Bruxelles s'attaque au traitement fiscal des fonds étrangers

le 20/05/2011 L'AGEFI Quotidien / Edition de 7H

La Cour de justice devra statuer sur la retenue à la source imposée aux dividendes d'actions françaises versés à des investisseurs non résidents

La Cour de justice de la communauté au Luxembourg. Photo: REA

Vieux sujet de discorde entre Paris et Bruxelles, la fiscalité des OPCVM étrangers prend une tournure contentieuse. La Commission européenne a en effet décidé de traduire la France devant la Cour de justice des communautés européennes (CJCE) pour violation des règles sur la libre circulation des capitaux. Explication: une Sicav espagnole qui perçoit aujourd’hui des dividendes de sociétés françaises dans lesquelles elle investit subit une retenue à la source de 25%, dont sont exonérés les dividendes versés à des fonds français.

L’argument de la transparence fiscale des OPCVM, qui en France fait porter l’imposition sur les revenus du porteur de parts et non sur le fonds lui-même, n’a donc pas convaincu Bruxelles. Saisie par la Commission sur ce cas général, la CJCE pourrait aussi en parallèle statuer sur des cas particuliers. Plusieurs fonds étrangers ont en effet contesté ces retenues à la source devant le Tribunal administratif de Montreuil, qui a demandé l’avis du Conseil d’Etat. Après une audience tenue début avril, le commissaire du gouvernement a recommandé de poser la question de l’équivalence de traitement entre fonds étrangers et français à la CJCE. L'avis du Conseil d’Etat est attendu pour bientôt.

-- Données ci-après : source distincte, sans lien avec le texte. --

(* Let $d\geq 1$ and let $\mathcal{W}_d=\{(\lambda_1,\dots,\lambda_d)\in\mathbb{Z}^d : \lambda_1>\dots>\lambda_d\}$, viewed as a graph in which two vertices are adjacent iff they are at Euclidean distance $1$, with rank $r(\lambda)=\sum_{i=1}^d\lambda_i-\binom{d+1}{2}$. Let $\mu,\lambda\in\mathcal{W}_d$ with $r(\mu)\leq r(\lambda)$, and let $W_0,W_1,W_2,\dots$ be any sequence of words in the two letters $L,R$ such that $W_n$ contains exactly $n$ letters $L$ and exactly $n+r(\lambda)-r(\mu)$ letters $R$. Then $$\sum_{n\geq 0} Z_d(W_n;\mu,\lambda)\frac{x^{2n+r(\lambda)-r(\mu)}}{n!\,(n+r(\lambda)-r(\mu))!}=\det\big(I_{\lambda_i-\mu_j}(2x)\big)_{1\leq i,j\leq d}.$$
   Context: For a word $W=L^{b_k}R^{a_k}\cdots L^{b_1}R^{a_1}$, $Z_d(W;\mu,\lambda)$ is the number of walks in the graph $\mathcal{W}_d$ from $\mu$ to $\lambda$ that consist of $a_1$ rank-increasing steps, then $b_1$ rank-decreasing steps, then $a_2$ rank-increasing steps, then $b_2$ rank-decreasing steps, and so on, ending with $b_k$ rank-decreasing steps (a step goes between adjacent vertices and changes the rank by $+1$ or $-1$). $I_k$ denotes the modified Bessel function of integer order $k$: for $k\geq 0$, $I_k(2x)=\sum_{n\geq 0}\frac{x^{2n+k}}{n!\,(n+k)!}$, and $I_{-k}=I_k$. *)

theory Defs
  imports Complex_Main "Jordan_Normal_Form.Determinant"
begin

definition inW :: "nat \<Rightarrow> int list \<Rightarrow> bool" where
  "inW d v \<longleftrightarrow> length v = d \<and> sorted_wrt (>) v"

definition adjW :: "int list \<Rightarrow> int list \<Rightarrow> bool" where
  "adjW u v \<longleftrightarrow> length u = length v \<and> (\<Sum>i<length u. (u!i - v!i)^2) = 1"

definition rankW :: "nat \<Rightarrow> int list \<Rightarrow> int" where
  "rankW d v = sum_list v - int ((d + 1) choose 2)"

datatype letter = L | R

text \<open>A word is written as a list of letters, left to right as on paper.
  It is read from right to left: the last letter gives the first step.
  Letter R = rank-increasing step, L = rank-decreasing step.\<close>
definition walksW :: "nat \<Rightarrow> letter list \<Rightarrow> int list \<Rightarrow> int list \<Rightarrow> int list list set" where
  "walksW d w mu la = {ps. length ps = length w + 1 \<and> ps ! 0 = mu \<and> ps ! length w = la \<and>
      (\<forall>j\<le>length w. inW d (ps ! j)) \<and>
      (\<forall>j<length w. adjW (ps ! j) (ps ! Suc j) \<and>
         rankW d (ps ! Suc j) = rankW d (ps ! j) + (if w ! (length w - 1 - j) = R then 1 else -1))}"

definition Z :: "nat \<Rightarrow> letter list \<Rightarrow> int list \<Rightarrow> int list \<Rightarrow> nat" where
  "Z d w mu la = card (walksW d w mu la)"

definition besselI :: "int \<Rightarrow> real \<Rightarrow> real" where
  "besselI k y = (\<Sum>n. (y/2)^(2*n + nat \<bar>k\<bar>) / (fact n * fact (n + nat \<bar>k\<bar>)))"

end

theory Submission
  imports
    Defs
    "HOL-Computational_Algebra.Formal_Power_Series"
    "HOL-Combinatorics.Multiset_Permutations"
begin

text \<open>Unconstrained walks in \<open>\<int>\<^sup>d\<close> whose steps move one coordinate by \<open>\<plusminus>1\<close>, with
  the signs prescribed by the word, satisfy the same recursion in the word as walks in \<open>\<W>\<^sub>d\<close>,
  except that they may step onto a wall \<open>\<lambda>\<^sub>a = \<lambda>\<^sub>b\<close>; the alternating sum over permutations
  \<open>p\<close> of such walks from \<open>\<mu>\<^sub>p\<close> vanishes on the walls, so it counts walks in \<open>\<W>\<^sub>d\<close>
  (reflection principle). The number of unconstrained walks does not depend on the order of the
  letters, hence it is the number of all \<open>\<plusminus>1\<close> walks of the same length divided by the number
  of rearrangements of the word, a binomial coefficient. The exponential generating function of
  all such walks to \<open>v\<close> factorises over the coordinates, each factor being
  \<open>\<Sum>\<^sub>n x\<^bsup>2n+|c|\<^esup>/(n! (n+|c|)!) = I\<^sub>c(2x)\<close>, and the alternating sum over \<open>p\<close>
  becomes the determinant.\<close>

(* Jordan_Normal_Form's vector indexing and fps_nth share the syntax $. *)
no_notation vec_index (infixl \<open>$\<close> 100)
notation fps_nth (infixl \<open>$\<close> 75)

lemma UNIV_letter: "(UNIV :: letter set) = {L, R}"
  using letter.exhaust by auto

instance letter :: finite
  by standard (simp add: UNIV_letter)

definition letter_step :: "letter \<Rightarrow> int" where
  "letter_step s = (if s = R then 1 else -1)"

lemma abs_letter_step: "\<bar>letter_step s\<bar> = 1"
  by (simp add: letter_step_def)

lemma count_list_L_plus_R: "count_list w L + count_list w R = length w"
proof (induction w)
  case (Cons s w)
  then show ?case by (cases s) auto
qed simp

lemma count_list_replicate_same: "count_list (replicate n x) x = n"
  by (induction n) auto

lemma sum_fun_upd_add:
  fixes f :: "'a \<Rightarrow> 'b::ab_group_add"
  assumes "finite A" "i \<in> A"
  shows "sum (f(i := f i + c)) A = sum f A + c"
proof -
  have "sum (f(i := f i + c)) A = f i + c + sum (f(i := f i + c)) (A - {i})"
    using assms by (simp add: sum.remove)
  also have "sum (f(i := f i + c)) (A - {i}) = sum f (A - {i})"
    by (rule sum.cong) auto
  finally show ?thesis
    using assms by (simp add: sum.remove algebra_simps)
qed
(* Let $T=\omega^{<\omega}$ be the tree of all finite sequences of natural numbers ordered by end-extension $\sqsubseteq$. There is a colouring $c:T\to\omega$ such that for every strong subtree $T'$ of $T$ of infinite height, $c[T']=\omega$.
   Context: For a tree $T$, the level of $t$ is the number of its strict predecessors; the tree is balanced if it has infinite height and no maximal nodes, or all maximal nodes lie at the top level. A subtree is a subset with the induced order in which meets agree with those of $T$. A strong subtree $S$ of $T$ is either empty or a rooted balanced subtree such that every level of $S$ is contained in a single level of $T$ and, for every non-maximal $s\in S$ and every immediate successor $t$ of $s$ in $T$, exactly one immediate successor of $s$ in $S$ lies above (or equals) $t$. *)

theory Defs
  imports "HOL-Library.Sublist"
begin

text \<open>The tree T = omega^{<omega}: all finite sequences of naturals (type nat list),
ordered by end-extension, i.e. the prefix order (strict: strict_prefix).
Subsets S of T carry the induced order.\<close>

definition lvl_in :: "nat list set \<Rightarrow> nat list \<Rightarrow> nat" where
  "lvl_in S s = card {u \<in> S. strict_prefix u s}"

definition maximal_in :: "nat list set \<Rightarrow> nat list \<Rightarrow> bool" where
  "maximal_in S s \<longleftrightarrow> s \<in> S \<and> \<not> (\<exists>u\<in>S. strict_prefix s u)"

definition infinite_height :: "nat list set \<Rightarrow> bool" where
  "infinite_height S \<longleftrightarrow> (\<forall>n. \<exists>s\<in>S. lvl_in S s \<ge> n)"

definition balanced :: "nat list set \<Rightarrow> bool" where
  "balanced S \<longleftrightarrow>
     (infinite_height S \<and> (\<forall>s\<in>S. \<not> maximal_in S s))
   \<or> (\<exists>h. (\<forall>s\<in>S. lvl_in S s \<le> h) \<and> (\<forall>s\<in>S. maximal_in S s \<longrightarrow> lvl_in S s = h))"

text \<open>Subtree: the meet in T (longest common prefix) of any two elements of S lies in S,
so that meets in S exist and agree with those of T.\<close>
definition subtree :: "nat list set \<Rightarrow> bool" where
  "subtree S \<longleftrightarrow> (\<forall>s\<in>S. \<forall>t\<in>S. \<exists>u\<in>S. prefix u s \<and> prefix u t \<and>
                      (\<forall>v. prefix v s \<and> prefix v t \<longrightarrow> prefix v u))"

definition rooted :: "nat list set \<Rightarrow> bool" where
  "rooted S \<longleftrightarrow> (\<exists>r\<in>S. \<forall>s\<in>S. prefix r s)"

definition imm_succ_in :: "nat list set \<Rightarrow> nat list \<Rightarrow> nat list \<Rightarrow> bool" where
  "imm_succ_in S s t \<longleftrightarrow> s \<in> S \<and> t \<in> S \<and> strict_prefix s t \<and>
      \<not> (\<exists>u\<in>S. strict_prefix s u \<and> strict_prefix u t)"

definition strong_subtree :: "nat list set \<Rightarrow> bool" where
  "strong_subtree S \<longleftrightarrow> S = {} \<or>
     (subtree S \<and> rooted S \<and> balanced S \<and>
      (\<forall>n. \<exists>m. \<forall>s\<in>S. lvl_in S s = n \<longrightarrow> length s = m) \<and>
      (\<forall>s\<in>S. \<not> maximal_in S s \<longrightarrow>
         (\<forall>k::nat. \<exists>!s'. imm_succ_in S s s' \<and> prefix (s @ [k]) s')))"

end

theory Submission
  imports Defs "HOL-Library.Nat_Bijection"
begin

text \<open>Read each entry of a node t as a pair (a, b) via the Cantor pairing; the colour of t is
the b of the first entry whose a equals the length of t.  A strong subtree of infinite height
with root r branches above r in every direction k, and all its nodes at level N have one
common length L \<ge> N.  Taking N beyond every entry of r and k = (L, j), any node at level N
above r @ [k] gets colour j.\<close>

definition col :: "nat list \<Rightarrow> nat" where
  "col t = snd (prod_decode (t ! (LEAST i. i < length t \<and> fst (prod_decode (t ! i)) = length t)))"

lemma col_append_encode:
  assumes "length (r @ prod_encode (n, j) # w) = n" and "\<forall>x\<in>set r. x < n"
  shows "col (r @ prod_encode (n, j) # w) = j"
proof -
  let ?t = "r @ prod_encode (n, j) # w"
  have "(LEAST i. i < length ?t \<and> fst (prod_decode (?t ! i)) = length ?t) = length r"
  proof (rule Least_equality)
    fix i assume i: "i < length ?t \<and> fst (prod_decode (?t ! i)) = length ?t"
    show "length r \<le> i"
    proof (rule ccontr)
      assume "\<not> length r \<le> i"
      then have "r ! i \<in> set r" "?t ! i = r ! i" by (simp_all add: nth_append)
      moreover have "fst (prod_decode (r ! i)) \<le> r ! i"
        using le_prod_encode_1[of "fst (prod_decode (r ! i))" "snd (prod_decode (r ! i))"] by simp
      ultimately show False using i assms by auto
    qed
  qed (use assms in simp)
  then show ?thesis unfolding col_def by simp
qed

lemma finite_strict_prefixes_in: "finite {u \<in> S. strict_prefix u s}"
  by (rule finite_subset[of _ "set (prefixes s)"]) auto

lemma lvl_in_le_length: "lvl_in S s \<le> length s"
proof -
  have "{u \<in> S. strict_prefix u s} \<subseteq> set (prefixes s) - {s}" by auto
  then have "lvl_in S s \<le> card (set (prefixes s) - {s})"
    unfolding lvl_in_def by (rule card_mono[rotated]) simp
  then show ?thesis by simp
qed

lemma lvl_in_root:
  assumes "\<forall>s\<in>S. prefix r s"
  shows "lvl_in S r = 0"
proof -
  have "{u \<in> S. strict_prefix u r} = {}"
    using assms by (auto simp: strict_prefix_def)
  then show ?thesis unfolding lvl_in_def by (metis card.empty)
qed

lemma lvl_in_imm_succ:
  assumes "imm_succ_in S s s'"
  shows "lvl_in S s' = Suc (lvl_in S s)"
proof -
  have "{u \<in> S. strict_prefix u s'} = insert s {u \<in> S. strict_prefix u s}"
  proof (intro equalityI subsetI)
    fix u assume u: "u \<in> {u \<in> S. strict_prefix u s'}"
    then have "prefix u s \<or> prefix s u"
      using assms prefix_same_cases[of u s' s] by (auto simp: imm_succ_in_def)
    then show "u \<in> insert s {u \<in> S. strict_prefix u s}"
      using u assms by (auto simp: imm_succ_in_def strict_prefix_def)
  qed (use assms in \<open>auto simp: imm_succ_in_def strict_prefix_def\<close>)
  then show ?thesis unfolding lvl_in_def using finite_strict_prefixes_in[of S s] by simp
qed

lemma balanced_infinite_height_no_maximal:
  assumes "balanced S" and "infinite_height S" and "s \<in> S"
  shows "\<not> maximal_in S s"
proof -
  have "\<not> (\<forall>s\<in>S. lvl_in S s \<le> h)" for h
    using assms(2) unfolding infinite_height_def by (metis Suc_n_not_le_n le_trans)
  then show ?thesis using assms(1,3) unfolding balanced_def by blast
qed

lemma strong_subtree_same_length:
  assumes "strong_subtree S" and "s \<in> S" "t \<in> S" and "lvl_in S s = lvl_in S t"
  shows "length s = length t"
  using assms unfolding strong_subtree_def by (metis empty_iff)

lemma strong_subtree_imm_succ:
  assumes "strong_subtree S" and "infinite_height S" and "s \<in> S"
  obtains s' where "imm_succ_in S s s'" and "prefix (s @ [k]) s'"
  using assms balanced_infinite_height_no_maximal[of S s]
  unfolding strong_subtree_def by blast

lemma strong_subtree_ascend:
  assumes "strong_subtree S" and "infinite_height S" and "s \<in> S"
  shows "\<exists>t\<in>S. prefix s t \<and> lvl_in S t = lvl_in S s + d"
proof (induction d)
  case (Suc d)
  then obtain t where t: "t \<in> S" "prefix s t" "lvl_in S t = lvl_in S s + d" by blast
  obtain t' where "imm_succ_in S t t'"
    using strong_subtree_imm_succ[OF assms(1,2) t(1)] by blast
  with t show ?case
    by (intro bexI[of _ t']) (auto simp: lvl_in_imm_succ imm_succ_in_def)
qed (use assms(3) in auto)

lemma strong_subtree_directions_above_root:
  assumes "strong_subtree S" and "infinite_height S"
  obtains r where "r \<in> S"
    and "\<And>n k. \<exists>t\<in>S. prefix (r @ [k]) t \<and> lvl_in S t = Suc n"
proof -
  have "S \<noteq> {}" using assms(2) unfolding infinite_height_def by blast
  then obtain r where r: "r \<in> S" "\<forall>s\<in>S. prefix r s"
    using assms(1) unfolding strong_subtree_def rooted_def by blast
  have "\<exists>t\<in>S. prefix (r @ [k]) t \<and> lvl_in S t = Suc n" for n k
  proof -
    obtain s' where s': "imm_succ_in S r s'" "prefix (r @ [k]) s'"
      using strong_subtree_imm_succ[OF assms r(1)] by blast
    then have "s' \<in> S" "lvl_in S s' = 1"
      using lvl_in_imm_succ lvl_in_root[OF r(2)] by (auto simp: imm_succ_in_def)
    then show ?thesis
      using strong_subtree_ascend[OF assms, of s' n] s'(2) prefix_order.trans by fastforce
  qed
  with r(1) show thesis by (rule that)
qed

theorem proposition6p4:
  shows "\<exists>c :: nat list \<Rightarrow> nat. \<forall>S. strong_subtree S \<and> infinite_height S \<longrightarrow> c ` S = UNIV"
proof (intro exI allI impI)
  fix S assume S: "strong_subtree S \<and> infinite_height S"
  then obtain r where "r \<in> S"
    and above_r: "\<And>n k. \<exists>t\<in>S. prefix (r @ [k]) t \<and> lvl_in S t = Suc n"
    using strong_subtree_directions_above_root by blast
  show "col ` S = UNIV"
  proof (intro set_eqI iffI)
    fix j :: nat
    define N where "N = Suc (sum_list r)"
    obtain t0 where t0: "t0 \<in> S" "lvl_in S t0 = N"
      using above_r[where n = "sum_list r" and k = 0] N_def by blast
    define L where "L = length t0"
    obtain t where t: "t \<in> S" "prefix (r @ [prod_encode (L, j)]) t" "lvl_in S t = N"
      using above_r[where n = "sum_list r" and k = "prod_encode (L, j)"] N_def by blast
    then obtain w where w: "t = r @ prod_encode (L, j) # w" by (auto simp: prefix_def)
    have "length t = L"
      using strong_subtree_same_length S t(1,3) t0 L_def by metis
    moreover have "\<forall>x\<in>set r. x < L"
      using member_le_sum_list lvl_in_le_length[of S t0] t0(2) N_def L_def by fastforce
    ultimately have "col t = j" using w col_append_encode by simp
    with t(1) show "j \<in> col ` S" by blast
  qed simp
qed

end
text \<open>\<open>0 \<in> convex hull A\<close> gives a relation with all coefficients \<open>\<ge> 0\<close>, and
  \<open>a \<in> pos_hull (A - {a})\<close> one whose only negative coefficient is at \<open>a\<close>; neither can be a multiple of \<open>\<mu>\<close>.\<close>

lemma conical_position_if_relations_multiple:
  fixes A :: "'a::real_vector set"
  assumes fin: "finite A"
    and relations: "\<And>\<nu>. (\<Sum>x\<in>A. \<nu> x *\<^sub>R x) = 0 \<Longrightarrow> \<exists>t. \<forall>x\<in>A. \<nu> x = t * \<mu> x"
    and pos: "x1 \<in> A" "x2 \<in> A" "x1 \<noteq> x2" "0 < \<mu> x1" "0 < \<mu> x2"
    and neg: "y1 \<in> A" "y2 \<in> A" "y1 \<noteq> y2" "\<mu> y1 < 0" "\<mu> y2 < 0"
  shows "conical_position A"
  unfolding conical_position_def
proof (intro conjI ballI notI)
  assume "0 \<in> convex hull A"
  then obtain u where u: "\<forall>x\<in>A. 0 \<le> u x" "sum u A = 1" "(\<Sum>x\<in>A. u x *\<^sub>R x) = 0"
    using convex_hull_finite[OF fin] by auto
  obtain t where "\<forall>x\<in>A. u x = t * \<mu> x" using relations u(3) by blast
  then have "\<forall>z\<in>A. u z = 0"
    using relation_vanishes_if_multiple[of A u t \<mu> x1 y1] pos neg u(1) by blast
  then show False using u(2) by simp
next
  fix a assume a: "a \<in> A" "a \<in> pos_hull (A - {a})"
  then obtain d where d: "\<forall>x\<in>A-{a}. 0 \<le> d x" "a = (\<Sum>x\<in>A-{a}. d x *\<^sub>R x)"
    by (auto simp: pos_hull_def)
  define \<nu> where "\<nu> = d(a := -1)"
  have "(\<Sum>x\<in>A. \<nu> x *\<^sub>R x) = (\<Sum>x\<in>A-{a}. d x *\<^sub>R x) - a"
    using fin a(1) by (simp add: \<nu>_def sum.remove)
  then obtain t where t: "\<forall>x\<in>A. \<nu> x = t * \<mu> x" using relations d(2) by auto
  obtain x where x: "x \<in> A" "x \<noteq> a" "0 < \<mu> x" using pos by metis
  obtain y where y: "y \<in> A" "y \<noteq> a" "\<mu> y < 0" using neg by metis
  have "\<nu> a = 0"
    by (rule relation_vanishes_if_multiple[OF t x(1,3) _ y(1,3) _ a(1)])
       (use d(1) x y in \<open>auto simp: \<nu>_def\<close>)
  then show False by (simp add: \<nu>_def)
qed

locale centred_simplex =
  fixes E :: "'a::real_vector set"
  assumes finite_E: "finite E"
    and spanning: "\<And>v. \<exists>c. v = (\<Sum>e\<in>E. c e *\<^sub>R e)"
    and relation_constant:
      "\<And>c e e'. (\<Sum>e\<in>E. c e *\<^sub>R e) = 0 \<Longrightarrow> e \<in> E \<Longrightarrow> e' \<in> E \<Longrightarrow> c e = c e'"
    and sum_E: "(\<Sum>e\<in>E. e) = 0"
    and two_le_card_E: "2 \<le> card E"
begin

text \<open>Since \<open>\<Sum>E = 0\<close>, any representation of \<open>v\<close> may be shifted by a constant; \<open>coord v\<close> is the
  shift whose minimum is \<open>0\<close>, i.e. the unique nonnegative representation with a vanishing entry.\<close>

definition rep :: "'a \<Rightarrow> 'a \<Rightarrow> real" where
  "rep v = (SOME c. v = (\<Sum>e\<in>E. c e *\<^sub>R e))"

«La Cour de justice va devoir décider si les fonds d’investissement étrangers sont comparables aux fonds français, et à quel niveau (fonds seuls, ou fonds et investisseurs finaux) il convient de se placer pour effectuer cette comparaison», expliquent Catherine Charpentier et Nadine Gelli, associées en droit fiscal au cabinet Ashurst. Celui-ci représente notamment un fonds de Santander dans l’une de ces affaires.

La «discrimination» s’applique aussi, selon Bruxelles, aux fonds de pension étrangers. Faute de réel équivalent en France, à l’exception de Prefon, ils peuvent être assimilés à des organismes sans but lucratif dont les revenus des dividendes sont soumis depuis 2010 à une imposition de 15%. Encore faut-il le prouver en remplissant un long questionnaire. Or, l’administration fiscale n’a pas statué sur ces demandes, rendant impossible la retenue à 15%.

Si la Cour du Luxembourg devait condamner la France, la décision serait douloureuse pour les finances publiques. «Les montants en jeu représenteraient 4,5 milliards d’euros pour les seuls fonds d’investissement», estiment Catherine Charpentier et Nadine Gelli.